Table 1: Immunoglobulin molecules identified in bioreactor supernatant

In addition, secretory IgA dimers were also identified as evidenced by the electron micrograph shown in FIG. 1.

In addition, production of secretory IgA dimers was quantified by use of a colorimetric Human Secretory IgA ELISA Kit produced by Novus Biologicals. ELISA analysis demonstrated a peak production of 250 mg of SIgA per day per liter of ECS, an unprecedented level of efficiency for biosynthesis of secretory IgA dimers. The production of 250 mg/day/L-ECS was extrapolated from producing 8mg of slgA over 10 days in 3mL ECS. The invention described herein surprisingly showed the high total amount of SIgA produced, e.g., 8 mg over 10 days, in a small volume.

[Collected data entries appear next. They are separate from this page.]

lemma sum_p_ln_primes_sq_inI_le:
  fixes x X :: real
  assumes x: "x \<ge> 2^32" and X: "0 < X" "X \<le> sqrt x"
  shows "(\<Sum>p | prime p \<and> inI x X (real (p^2)). 2 * real p * ln (real p)) \<le> 8 * sqrt x"
proof -
  define L where "L = ln x"
  define Y where "Y = sqrt (X * (1 + 1/L))"
  have L: "2 \<le> L" "L \<le> sqrt (sqrt x)" using two_le_ln[OF x] ln_le_sqrt_sqrt[OF x] by (simp_all add: L_def)
  note roots = large_x_root_bounds[OF x]
  have sX: "0 < sqrt X" "sqrt X \<le> sqrt (sqrt x)" using X by simp_all
  have "Y \<le> sqrt X * (1 + 1/L)" unfolding Y_def using X L by (intro sqrt_mult_one_plus_le) auto
  moreover have "sqrt X / L \<le> sqrt X / 1" using sX L by (intro divide_left_mono) auto
  ultimately have Y: "Y \<le> sqrt X + sqrt X / L" "Y \<le> 2 * sqrt X" by (simp_all add: algebra_simps)
  have "{p. prime p \<and> inI x X (real (p^2))} \<subseteq> {p. sqrt X < real p \<and> real p \<le> Y}"
  proof clarify
    fix p :: nat assume "inI x X (real (p^2))"
    hence "X < real p ^ 2" "real p ^ 2 \<le> X * (1 + 1/L)" by (simp_all add: inI_def L_def)
    thus "sqrt X < real p \<and> real p \<le> Y" using X by (auto simp: Y_def intro: real_less_lsqrt real_le_rsqrt)
  qed
  hence "(\<Sum>p | prime p \<and> inI x X (real (p^2)). 2 * real p * ln (real p))
          \<le> (\<Sum>p | sqrt X < real p \<and> real p \<le> Y. 2 * real p * ln (real p))"
    using mult_ln_nonneg finite_subset[OF _ finite_nat_real_le[of Y]]
    by (intro sum_mono2) (auto simp: mult.assoc)
  also have "\<dots> \<le> (Y - sqrt X + 1) * (2 * (2 * sqrt X) * L)"
  proof (rule sum_nat_interval_le)
    fix p :: nat assume p: "sqrt X < real p" "real p \<le> Y"
    hence "0 < real p" using sX(1) by linarith
    hence p1: "1 \<le> real p" by (simp add: Suc_le_eq)
    have "real p \<le> x" using p Y sX roots by linarith
    hence "ln (real p) \<le> L" unfolding L_def using p1 by (intro ln_mono) auto
    thus "2 * real p * ln (real p) \<le> 2 * (2 * sqrt X) * L"
      using p(2) Y p1 X by (intro mult_mono) auto
  qed (use sX L Y in \<open>auto simp: Y_def\<close>)
  also have "\<dots> \<le> (sqrt X / L + 1) * (2 * (2 * sqrt X) * L)"
    using Y sX L by (intro mult_right_mono) auto
  also have "\<dots> = 4 * X + 4 * (sqrt X * L)" using sX L X by (simp add: field_simps)
  also have "\<dots> \<le> 8 * sqrt x"
  proof -
    have "sqrt X * L \<le> sqrt (sqrt x) * sqrt (sqrt x)" using sX L x by (intro mult_mono) auto
    thus ?thesis using X x by simp
  qed
  finally show ?thesis .
qed

lemma sum_tau_pow_countd_sq_plus_pow_seq_le_if_weights_le:
  fixes x :: real and Ds :: "nat set"
  assumes x: "2^32 \<le> x" and Ds: "finite Ds" and j: "j \<ge> 1" and P: "finite {p. P p}"
    and w: "\<And>p. P p \<Longrightarrow> w p \<ge> 0" and W: "(\<Sum>p | P p. w p) \<le> 8 * sqrt x"
  shows "(\<Sum>d\<in>Ds. real (tau d) ^ k * countd (sq_plus_pow_seq j P w x) x d)
           \<le> 48 * 2^(k+1) * x * ln x ^ (2^(2*k+3))"
proof -
  have lnx: "2 \<le> ln x" by (rule two_le_ln[OF x])
  have "(\<Sum>d\<in>Ds. real (tau d) ^ k * countd (sq_plus_pow_seq j P w x) x d)
          \<le> 6 * 2^(k+1) * sqrt x * ln x ^ (2^(2*k+3)) * (\<Sum>p | P p. w p)"
    using x lnx by (intro sum_tau_pow_countd_sq_plus_pow_seq_le Ds j P w) auto
  also have "\<dots> \<le> 6 * 2^(k+1) * sqrt x * ln x ^ (2^(2*k+3)) * (8 * sqrt x)"
    using W lnx x by (intro mult_left_mono) auto
  also have "\<dots> = 48 * 2^(k+1) * (sqrt x * sqrt x) * ln x ^ (2^(2*k+3))" by (simp add: algebra_simps)
  finally show ?thesis using x by simp
qed

lemma sum_tau_pow_countd_seqA_le:
  fixes x X :: real and Ds :: "nat set"
  assumes x: "2^32 \<le> x" and X: "0 < X" "X \<le> sqrt x" and Ds: "finite Ds"
  shows "(\<Sum>d\<in>Ds. real (tau d) ^ k * countd (seqA x X) x d) \<le> 48 * 2^(k+1) * x * ln x ^ (2^(2*k+3))"
  unfolding seqA_eq_sq_plus_pow_seq
proof (rule sum_tau_pow_countd_sq_plus_pow_seq_le_if_weights_le[OF x Ds])
  show "finite {p. prime p \<and> inI x X (real (p^2))}"
    using finite_inI_pow[of 2 x X] by (auto elim: finite_subset[rotated])
  show "(\<Sum>p | prime p \<and> inI x X (real (p^2)). 2 * real p * ln (real p)) \<le> 8 * sqrt x"
    by (rule sum_p_ln_primes_sq_inI_le[OF x X])
qed (auto dest: prime_gt_1_nat)
(* Let $r,s$ be positive integers, $1\le e<s$, and let $S\subseteq[F]^{r,s}$ be $e$-superlarge. Let $\sigma_1,\dots,\sigma_p$ be finitely many sentences of type $\Sigma_1^*(\mathrm{iv})$ such that every $c_{ij}$ occurring in them satisfies $i\le s$ and $j\le r$, and with $\iota(\sigma_1)=\dots=\iota(\sigma_p)=e'>e$. Then there is an $e'$-superlarge set $S'\subseteq S$ such that $M\models\sigma_1(\mathbf{a})\wedge\dots\wedge\sigma_p(\mathbf{a})$ for every $\mathbf{a}\in S'$.
   Context: $\mathcal{L}$ is a countable first-order language containing a binary symbol $<$; $\mathcal{L}^S$ is $\mathcal{L}$ with Skolem function symbols, $T_{\mathrm{skolem}}$ the theory saying they are Skolem functions; "term" means $\mathcal{L}^S$-term. $\theta$ is a strongly inaccessible cardinal and $M$ is a model of $T_{\mathrm{skolem}}$ whose $\mathcal{L}$-reduct is a $\theta$-like model (cardinality $\theta$, every proper initial segment of cardinality $<\theta$) of a complete $\mathcal{L}$-theory $T$ in which $<$ is a linear order. Fix a chain $\langle M_i;i<\theta\rangle$ of $\mathcal{L}^S$-elementary submodels of $M$, each a proper initial segment of $M$, with $M_j$ an elementary end extension of $M_i$ for $i<j$, $M_\delta=\bigcup_{i<\delta}M_i$ for limit $\delta$, and $M=\bigcup_{i<\theta}M_i$. $F:M\to\theta$, $F(a)=$ least $i$ with $a\in M_i$. For $X\subseteq M$, $[X]^r$ is the set of strictly increasing $r$-sequences from $X$, and $[X]^\mu$ the set of subsets of $X$ of cardinality $\mu$. $[F]^{r,s}$ is the set of $\mathbf{x}=\langle\mathbf{x}_1,\dots,\mathbf{x}_s\rangle$ with $\mathbf{x}_i=\langle x_{i1},\dots,x_{ir}\rangle\in[M]^r$, $F(x_{ij})=F(x_{il})$ for all $i,j,l$, and $F(x_{11})<F(x_{21})<\dots<F(x_{s1})$. For $A\subseteq M$, $[F|A]^{r,s}=\{\mathbf{x}\in[F]^{r,s}: \text{all }x_{ij}\in A\}$. Game $G(S,e)$ for $S\subseteq[F]^{r,s}$, $1\le e\le s$, $f=s-e$: for $k=1,\dots,e$, player I chooses a cardinal $\mu_k<\theta$ and then II responds; for $k<e$ II chooses an ordinal $\beta_k<\theta$, and at his last move II chooses a sequence of ordinals $\langle\beta_{e+i};i<\theta\rangle$ below $\theta$ (with $i=0$ giving $\beta_e$). II wins iff $\beta_1<\dots<\beta_e<\beta_{e+1}<\dots$ and there are $X_k\in[F^{-1}(\beta_k)]^{\mu_k}$ ($1\le k\le e$) and $X_{e+i}\subseteq F^{-1}(\beta_{e+i})$ ($1\le i<\theta$) with $\sup\{|X_{e+i}|:1\le i<\theta\}=\theta$ and $\prod_{k=1}^e[X_k]^r\times[F|\bigcup_{1\le i<\theta}X_{e+i}]^{r,f}\subseteq S$ (for $f=0$ this reads $\prod_{k=1}^e[X_k]^r\subseteq S$). $S$ is $e$-superlarge iff II has a winning strategy in $G(S,e)$. $C^*=\{c_{ij}\mid i,j<\omega\}$ are new constants. A sentence of type $\Sigma_1^*(\mathrm{iv})$ is one of the form: if $\tau(c_{i_1j_1},\dots,c_{i_nj_n})<c_{(i_n-1)j}$ then $\tau(\bar c,c_{i_{q+1}j_{q+1}},\dots,c_{i_nj_n})=\tau(\bar c,c_{ul_1},\dots,c_{ul_{n-q}})$, where $\tau$ is a term, the constants are from $C^*$, $c_{i_1j_1},\dots,c_{i_nj_n}$ are strictly increasing lexicographically, $i_n>1$, $u\ge i_n$, $j,l_1,\dots,l_{n-q}$ arbitrary (with $c_{ul_1},\dots,c_{ul_{n-q}}$ increasing), $q$ the greatest integer with $i_q\ne i_n$ ($q=0$ if none) and $\bar c=\langle c_{i_1j_1},\dots,c_{i_qj_q}\rangle$. For such $\sigma$, $\iota(\sigma)=i_n$. For $\mathbf{a}\in[F]^{r,s}$, $M\models\sigma(\mathbf{a})$ means $\sigma$ holds in $M$ when each $c_{ij}$ occurring in $\sigma$ is replaced by $a_{ij}$. *)

theory Defs
  imports Main "HOL-Library.Countable_Set"
begin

Antibody secreting plasma B cells are notoriously short lived ex vivo when isolated from blood, milk or tissue, with reported half lives of 3-5 days without molecular or genetic modification. As shown in FIG. 2, the methods described here supported a much longer-term survival of non-modified antibody secreting cells than expected. In a typical ex vivo plasma cell culture, the antibody secreting cell population would be expected to be depleted by about day 10 of culture. Instead, in the system described here, around ex vivo day 51-58, antibody production substantially increased. Without being bound by any particular theory, co-culture with epithelial monolayers as described here maximizes the survival of antibody secreting cells, as well as their production of antibody. These methods can be used to produce, for example, fully human polyclonal antibodies of any desired class or subtype at therapeutic scale, without the need to genetically modify the antibody secreting cells. Of course, targeted genetic modifications could also be used to further enhance the cells’ survival, their antibody production, and antigen affinity, as described herein. Production of antibodies at commercially feasible scale

The methods described here provide a proof-of-concept for the production of antibodies using bioreactor cultured antibody secreting cells. The hollow fiber bioreactor is a particularly advantageous system for maximizing surface area while allowing the cells to organize into three dimensional structures. The process is readily scalable for commercial production. In the present example, a relatively small bioreactor cartridge was used to culture the epithelial monolayer. It contained about 400 square centimeter (cm ² ) of surface area for cell growth. Using a larger commercially available bioreactor cartridge would substantially increase the surface area and consequently the production of antibodies. For example, larger commercially available bioreactors may have a surface area of about 3 square meters (m ² ). The process is further scalable, for example, by packing more fibers and/or longer fibers into one or more cartridges aligned in parallel.

The foregoing examples are illustrative of the present invention, and are not to be construed as limiting thereof. Although the invention has been described in detail with reference to preferred embodiments, variations and modifications exist within the scope and spirit of the invention as described and defined in the following claims.